It is in the inner cities that companies have been most exhorted to get involved. With the general election approaching, this first article in a series examines the prospects for urban policy.
Urban policy in Britain has been characterised by special initiatives and frequent changes. Research has shown a short-term impact from particular schemes, but with only limited lasting change. The patterns of deprivation in urban areas have not significantly changed in 30 years.
The Urban Programme was launched in 1968, the first programme targeted specifically at inner cities. Resources were limited to ?30 million and centred on Home Office. Changed in 1976, Inner City Partnerships were the vehicle, focussed on economic as well as social issues. Resources grew and the larger government main programmes ‘bent’ towards urban areas. But getting the local community and the private sector involved proved difficult, as to getting agreement between central and local government.
Change of government
1979 saw a change of government and a change of emphasis, with Action for Cities. The urban programme remained but new a plethora of new initiatives were launched: task forces, city action teams, enterprise zones, development corporations. Spending rose gradually during 1980s and the grant funding regimes, such as urban development grant, regeneration grant and city grant, focused on encouraging partnership with the private sector. Greater success in getting private and community involvement did follow, but difficulties were still encountered with confusion due to the number initiatives, the lack of a regional focus, and poor coordination between government departments.
In 1988, a white paper on training started the long process of setting up training and enterprise councils, TECs, (Local Enterprise Companies in Scotland). They were named to symbolise their remit was not just running government training schemes locally but economic too. Most have succeeded in developing good links with education, the European Commission, Business Links and other partnership initiatives. However their resources are overwhelmingly linked to training, not economic regeneration, so few really succeeded in driving forward economic development. The government’s decision to exclude elected local council leaders from their boards did nothing to foster good relations with local authorities.

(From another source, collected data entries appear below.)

lemma equicont_ext_prod_map:
  assumes d: "d \<ge> 1" and "bounded X" and h: "homeomorphism X X T Ti"
    and Z: "Z \<subseteq> PiE {1..d} (\<lambda>_. X)"
    and equicont: "equicont_ext dist X UNIV (zit T Ti) \<pi>"
  shows "equicont_ext (maxdist_d d dist) Z UNIV (Gd_act d T Ti) (prod_map d \<pi>)"
  unfolding equicont_ext_def
proof (intro allI impI)
  fix e :: real
  assume "e > 0"
  obtain \<delta> where "\<delta> > 0" and \<delta>: "\<forall>x\<in>X. \<forall>x'\<in>X. \<pi> x = \<pi> x' \<and> dist x x' < \<delta> \<longrightarrow>
      (SUP n. dist (zit T Ti n x) (zit T Ti n x')) < e / 2"
    using equicont \<open>e > 0\<close> unfolding equicont_ext_def by (meson half_gt_zero)
  have "(SUP g. maxdist_d d dist (Gd_act d T Ti g z) (Gd_act d T Ti g z')) < e"
    if z: "z \<in> Z" and z': "z' \<in> Z"
      and close: "prod_map d \<pi> z = prod_map d \<pi> z' \<and> maxdist_d d dist z z' < \<delta>" for z z'
  proof -
    have "dist (Gd_act d T Ti (a, b) z i) (Gd_act d T Ti (a, b) z' i) \<le> e / 2"
      if i: "i \<in> {1..d}" for a b i
    proof -
      have zi: "z i \<in> X" "z' i \<in> X"
        using z z' Z i by (meson PiE_mem subsetD)+
      moreover have "\<pi> (z i) = \<pi> (z' i)"
        using fun_cong[OF conjunct1[OF close], of i] i by (simp add: prod_map_apply)
      moreover have "dist (z i) (z' i) < \<delta>"
        using conjunct2[OF close] i by (simp add: maxdist_d_less_iff[OF d])
      ultimately have "(SUP n. dist (zit T Ti n (z i)) (zit T Ti n (z' i))) < e / 2"
        using \<delta> by blast
      then show ?thesis
        using dist_zit_le_SUP[OF \<open>bounded X\<close> h zi, of "a + int i * b"] i
        by (simp add: Gd_act_apply)
    qed
    then have "maxdist_d d dist (Gd_act d T Ti (a, b) z) (Gd_act d T Ti (a, b) z') \<le> e / 2" for a b
      unfolding maxdist_d_le_iff[OF d] by blast
    then have "(SUP g. maxdist_d d dist (Gd_act d T Ti g z) (Gd_act d T Ti g z')) \<le> e / 2"
      by (intro cSUP_least) (auto simp: split_paired_all)
    with \<open>e > 0\<close> show ?thesis
      by linarith
  qed
  with \<open>\<delta> > 0\<close> show "\<exists>\<delta>>0. \<forall>z\<in>Z. \<forall>z'\<in>Z. prod_map d \<pi> z = prod_map d \<pi> z' \<and> maxdist_d d dist z z' < \<delta> \<longrightarrow>
      (SUP g. maxdist_d d dist (Gd_act d T Ti g z) (Gd_act d T Ti g z')) < e"
    by blast
qed

section \<open>Factor maps of compact systems\<close>

lemma cont_wrt_dist_iff: "cont_wrt dist dist X f \<longleftrightarrow> continuous_on X f"
  unfolding cont_wrt_def continuous_on_iff by (metis dist_commute)

locale factor_map =
  fixes X :: "'a::metric_space set" and TX TXi :: "'a \<Rightarrow> 'a"
    and TY TYi :: "'b::metric_space \<Rightarrow> 'b" and \<pi> :: "'a \<Rightarrow> 'b"
  assumes compact_X: "compact X"
    and homeomorphism_X: "homeomorphism X X TX TXi"
    and continuous_\<pi>: "continuous_on X \<pi>"
    and \<pi>_zit: "\<And>n x. x \<in> X \<Longrightarrow> \<pi> (zit TX TXi n x) = zit TY TYi n (\<pi> x)"
begin

lemma same_fibre_limit:
  assumes "\<And>k. x k \<in> X \<and> x' k \<in> X \<and> \<pi> (x k) = \<pi> (x' k)"
    and "x \<longlonglongrightarrow> l" and "x' \<longlonglongrightarrow> l'" and "l \<in> X" and "l' \<in> X"
  shows "\<pi> l = \<pi> l'"
proof -
  have "(\<lambda>k. \<pi> (x k)) \<longlonglongrightarrow> \<pi> l"
    using assms(1,2,4) by (intro continuous_on_tendsto_compose[OF continuous_\<pi>]) auto
  moreover have "(\<lambda>k. \<pi> (x' k)) \<longlonglongrightarrow> \<pi> l'"
    using assms(1,3,5) by (intro continuous_on_tendsto_compose[OF continuous_\<pi>]) auto
  moreover have "(\<lambda>k. \<pi> (x k)) = (\<lambda>k. \<pi> (x' k))"
    using assms(1) by simp
  ultimately show ?thesis
    using LIMSEQ_unique by metis
qed

lemma fibre_pairs_convergent_subseq:
  fixes N :: "nat \<Rightarrow> int"
  assumes S: "finite S" and fibre: "\<And>i. i \<in> S \<Longrightarrow> z i \<in> X \<and> z' i \<in> X \<and> \<pi> (z i) = \<pi> (z' i)"
  shows "\<exists>r u u'. strict_mono r \<and> (\<forall>i\<in>S. u i \<in> X \<and> u' i \<in> X \<and> \<pi> (u i) = \<pi> (u' i) \<and>
    (\<lambda>k. zit TX TXi (N (r k)) (z i)) \<longlonglongrightarrow> u i \<and> (\<lambda>k. zit TX TXi (N (r k)) (z' i)) \<longlonglongrightarrow> u' i)"
proof -
  let ?T = "zit TX TXi"
  have "(?T (N k) (z i), ?T (N k) (z' i)) \<in> X \<times> X" if "i \<in> S" for k i
    using fibre[OF that] zit_in[OF homeomorphism_X] by simp
  then have "\<exists>r c. strict_mono r \<and> (\<forall>i\<in>S. c i \<in> X \<times> X \<and>
      (\<lambda>k. (?T (N (r k)) (z i), ?T (N (r k)) (z' i))) \<longlonglongrightarrow> c i)"
    by (rule compact_common_convergent_subseq[OF compact_Times[OF compact_X compact_X] S,
          of "\<lambda>k i. (?T (N k) (z i), ?T (N k) (z' i))"])
  then obtain r c where r: "strict_mono r" and c: "\<forall>i\<in>S. c i \<in> X \<times> X \<and>
      (\<lambda>k. (?T (N (r k)) (z i), ?T (N (r k)) (z' i))) \<longlonglongrightarrow> c i"
    by blast
  define u u' where "u = (\<lambda>i. fst (c i))" and "u' = (\<lambda>i. snd (c i))"
  have u: "u i \<in> X \<and> u' i \<in> X" if "i \<in> S" for i
    using c that unfolding u_def u'_def by (auto simp: mem_Times_iff)
  have lim: "(\<lambda>k. ?T (N (r k)) (z i)) \<longlonglongrightarrow> u i \<and> (\<lambda>k. ?T (N (r k)) (z' i)) \<longlonglongrightarrow> u' i"
    if "i \<in> S" for i
  proof -
    have "(\<lambda>k. (?T (N (r k)) (z i), ?T (N (r k)) (z' i))) \<longlonglongrightarrow> c i"
      using c that by blast
    from tendsto_fst[OF this] tendsto_snd[OF this] show ?thesis
      unfolding u_def u'_def by simp
  qed
  have "\<pi> (u i) = \<pi> (u' i)" if "i \<in> S" for i
    using that fibre u lim zit_in[OF homeomorphism_X]
    by (intro same_fibre_limit[of "\<lambda>k. ?T (N (r k)) (z i)" "\<lambda>k. ?T (N (r k)) (z' i)"])
      (auto simp: \<pi>_zit)
  with r u lim show ?thesis
    by blast
qed
(* Let $n\ge 1$ and let $U$ be a matchgate unitary on $n$ qubits with associated orthogonal matrix $\mathbf{u}\in \mathbf{SO}(2n)$, i.e. $U^\dagger c_\mu U=\sum_{\nu=1}^{2n}u_{\mu\nu}c_\nu$ for all $\mu\in\{1,\dots,2n\}$. Let $\vec\eta$ and $\vec\alpha$ be Majorana configurations and let $a,b$ be integers such that $A\equiv i^aC_{\vec\eta}$ and $B\equiv i^bC_{\vec\alpha}$ are Hermitian (Pauli observables). Then $$\frac{1}{2^{n+2}}\big\|[A,U^\dagger BU]\big\|^2=\frac12\Big\{1+(-1)^{|\vec\alpha||\vec\eta|+1}\det\big[\mathbf{u}_{\vec\alpha[2n]}(\mathbf{I}-2\mathbf{P}_{\vec\eta})\mathbf{u}^{\mathrm T}_{[2n]\vec\alpha}\big]\Big\},$$ where $\|\cdot\|$ is the Frobenius norm, $\mathbf I$ is the $2n\times 2n$ identity, and $\mathbf{P}_{\vec\eta}$ is the $2n\times 2n$ diagonal matrix with $(\mathbf{P}_{\vec\eta})_{jk}=\delta_{jk}$ if $j,k\in\vec\eta$ and $0$ otherwise (the projector onto the modes $\vec\eta$).
   Context: On $n$ qubits with Pauli operators $X_k,Y_k,Z_k$, the Majorana operators are $c_{2k-1}=Z_1\cdots Z_{k-1}X_k$ and $c_{2k}=Z_1\cdots Z_{k-1}Y_k$ for $k=1,\dots,n$; they satisfy $c_\mu^2=I$, $c_\mu c_\nu=-c_\nu c_\mu$ for $\mu\ne\nu$. A Majorana configuration is an ordered tuple $\vec\alpha=(\alpha_1,\dots,\alpha_k)$ with $1\le\alpha_1<\alpha_2<\dots<\alpha_k\le 2n$, of degree $|\vec\alpha|=k$; the configuration operator is $C_{\vec\alpha}=c_{\alpha_1}c_{\alpha_2}\cdots c_{\alpha_k}$. $[2n]=(1,2,\dots,2n)$. For a matrix $\mathbf u$ and tuples $\vec\alpha,\vec\beta$, $\mathbf{u}_{\vec\alpha\vec\beta}$ is the submatrix with $(\mathbf{u}_{\vec\alpha\vec\beta})_{jk}=u_{\alpha_j\beta_k}$, and $\mathbf{u}^{\mathrm T}_{\vec\beta\vec\alpha}$ denotes $(\mathbf{u}_{\vec\alpha\vec\beta})^{\mathrm T}$. A matchgate unitary is a unitary $U$ on $n$ qubits (equivalently, a circuit of nearest-neighbour matchgates, i.e. generated by Hamiltonians quadratic in the Majorana operators) for which there is $\mathbf u\in\mathbf{SO}(2n)$ with $U^\dagger c_\mu U=\sum_\nu u_{\mu\nu}c_\nu$. The Frobenius norm is $\|O\|^2=\mathrm{tr}(O^\dagger O)$. *)

theory Defs
  imports Complex_Main "Jordan_Normal_Form.Determinant"
begin

text \<open>Operators on n qubits are complex (2^n x 2^n) matrices. The computational basis
index r < 2^n encodes qubit k (k = 1..n) in bit (k-1) of r.\<close>

definition qbit :: "nat \<Rightarrow> nat \<Rightarrow> nat" where
  "qbit q r = (r div 2 ^ q) mod 2"

definition pI :: "nat \<Rightarrow> nat \<Rightarrow> complex" where
  "pI r s = (if r = s then 1 else 0)"
definition pX :: "nat \<Rightarrow> nat \<Rightarrow> complex" where
  "pX r s = (if r \<noteq> s then 1 else 0)"
definition pY :: "nat \<Rightarrow> nat \<Rightarrow> complex" where
  "pY r s = (if r = 0 \<and> s = 1 then - \<i> else if r = 1 \<and> s = 0 then \<i> else 0)"
definition pZ :: "nat \<Rightarrow> nat \<Rightarrow> complex" where
  "pZ r s = (if r = s then (if r = 0 then 1 else -1) else 0)"

text \<open>Tensor product P_1 \<otimes> ... \<otimes> P_n, where P q is the factor on qubit q+1.\<close>
definition pauli_string :: "nat \<Rightarrow> (nat \<Rightarrow> nat \<Rightarrow> nat \<Rightarrow> complex) \<Rightarrow> complex mat" where
  "pauli_string n P = mat (2 ^ n) (2 ^ n) (\<lambda>(r, s). \<Prod>q<n. P q (qbit q r) (qbit q s))"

Partnership and competition
From 1991 onwards policy was focused on achieving partnership and competition for funds. City Challenge was intended to ‘bend’ main programme spending, and attract private funding, to a specific geographic area for five years. They have very clear output targets and local authorities were given a strategic role in setting them up. They are now nearing the end of their lives, along with the Urban Development Corporations. But again difficulty is experienced in getting a coordinated approach from separate government departments; ‘annuality of funding is too constrained; and large needy areas are left out.
The Single Regeneration Budget (SRB) has sought to address these concerns, but the regional government offices which administer it are now being criticised for lack of transparency and consistency in decision-making. Resources are spread too thinly, the long term strategic dimension is more difficult.
Under the government’s ‘challenge’ approach, competition is used to allocate resources and leverage is the main criterion for success. This is now being extending to local authorities main capital allocation (permission to borrow). Already a 10% top slice is allocated competitively from the European Regional Development Fund, worth ?150-?200 million, through Regional Challenge; the government is seeking EU Commission approval to increase this percentage.
Total spending on urban programmes in 1995/96 is ?1.3 billion, with the SRB taking 10%, but due to rise to half over four years as other programmes wind down. SRB Round One started in April 1995; Round Two has just been announced; Rounds Three and Four are promised. Local authorities submitted just over half of the 329 bids in Round Two, with the private sector in the lead in just 19 (although involved in 236).
Which way forward?
The central question of urban policy is how to allocate the extra funds which are available for redistribution between prosperous and poorer areas. How much should be given to those with the most objective need and how much to those who can make most effective use of it. Competition is not the real issue, but criteria, as there will always be competition for scare resources.
With political change in the air, Labour’s plans are under scrutiny. Indications of its approach are emerging from City 2020, an initiative by Keith Vaz MP. The main elements are:
maximise use of existing resources, do not assume more;
equal partnership between the three sectors at local level;
basic resource allocation on objective measures of need, sufficiently sophisticated to spot ‘pocketed deprivation’ within more prosperous areas;
a people based, bottom-up approach;
an attempt again to ‘bend’ main spending to target areas, especially on transport, housing, education, industry, employment and environment
government regional offices to be kept, with a minister for urban regeneration;
SRB to become Civic Grant;
each local area applying for Civic Grant must establish Civic Forums, serviced by local authorities but independently constituted, with equal representation from all three sectors
these will prepare a Civic Plan, and then allocate funds and monitor performance;
Diverse influences
However a different emphasis is emerging from the Labour-dominated local government associations. They see local regeneration strategy as the primarily responsibility of local councils, albeit drawn up in partnership with the private sector. There is also more emphasis given to the regional dimension.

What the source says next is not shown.